Data acquisition system
DTS (Diversified Technical Systems)
Seal Beach, CA
562-493-0158
www.dtsweb.com

Aircraft impact testing and hard landing tests are an important part of research for understanding crash dynamics and improving occupant safety at NASA’s Langley Research Center in Hampton, VA. DTS small, onboard data acquisition systems (DAS) are used in many tests at Langley, since they are rugged enough to survive harsh impacts and still accurately deliver critical test data.

Technicians hoisted the 10,500-pound helicopter 30 feet into the air before dropping it at 30 mph. (Photo David C. Bowman)
In a recent test, a 45-foot-long CH-46E Sea Knight marine helicopter was dropped 30 feet at 30 miles an hour during the Transport Rotorcraft Airframe Crash Testbed (TRACT 2) full-scale crash test at Langley. The helicopter had 13 instrumented crash test manikins and two non-instrumented manikins onboard, along with DTS data acquisition systems. Cables hauled the helicopter fuselage into the air and then swung it to the ground, much like a pendulum. Just before impact, pyrotechnic devices released the suspension cables from the helicopter to allow free flight of the 10,500-pound fuselage and its “passengers.”
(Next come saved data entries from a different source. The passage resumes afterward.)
lemma (in sigma_finite_subalgebra) nn_cond_exp_le_1:
  assumes "g \<in> borel_measurable M" and "\<And>x. x \<in> space M \<Longrightarrow> g x \<le> 1"
  shows "AE \<omega> in M. nn_cond_exp M F g \<omega> \<le> 1"
proof -
  have "AE \<omega> in M. nn_cond_exp M F g \<omega> \<le> nn_cond_exp M F (\<lambda>_. 1) \<omega>"
    using assms by (intro nn_cond_exp_mono) (auto intro: AE_I2)
  moreover have "AE \<omega> in M. (\<lambda>_. 1::ennreal) \<omega> = nn_cond_exp M F (\<lambda>_. 1) \<omega>"
    by (rule nn_cond_exp_F_meas) simp
  ultimately show ?thesis by eventually_elim simp
qed

locale conditional_reweighting = prob_space M
  for M :: "'a measure" +
  fixes N \<A> :: "'a measure" and B E :: "'a set" and f :: "'a \<Rightarrow> ennreal"
  assumes subalgebra_N: "subalgebra M N" and subalgebra_A: "subalgebra N \<A>"
    and B_sets: "B \<in> sets \<A>" and E_sets: "E \<in> sets N"
    and cond_prob_E_pos: "AE \<omega> in M. nn_cond_exp M \<A> (indicator E) \<omega> > 0"
    and f_measurable: "f \<in> borel_measurable N"
    and f_finite: "\<And>\<omega>. \<omega> \<in> space M \<Longrightarrow> f \<omega> < \<top>"
    and f_on_E: "\<And>\<omega>. \<omega> \<in> E \<Longrightarrow> f \<omega> \<le> 1"
    and f_outside_B: "\<And>\<omega>. \<omega> \<in> space M \<Longrightarrow> \<omega> \<notin> B \<Longrightarrow> f \<omega> = 0"
begin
Crash test manikins designed to measure human injury and survivability were equipped with sensors and DTS TDAS G5 data acquisition systems to record test data. (Photo David C. Bowman)
Nearly 40 cameras and 350 data channels recorded every move. Even the helicopter’s unusual black and white speckled paint job was part of a special camera technique called full field photogrammetry, designed to capture detailed movement. High-speed cameras filming 500 images per second track each dot so researchers can see exactly how the fuselage buckled, cracked, or collapsed under crash loads.

Currently, NASA uses DTS’s miniature onboard DAS at four different facilities for a wide variety of dynamic tests, including Orion space capsule re-entry splashdown testing, heavy payload and flight testing, aerobrake testing, and low-density supersonic decelerator testing for the next-generation Mars lander.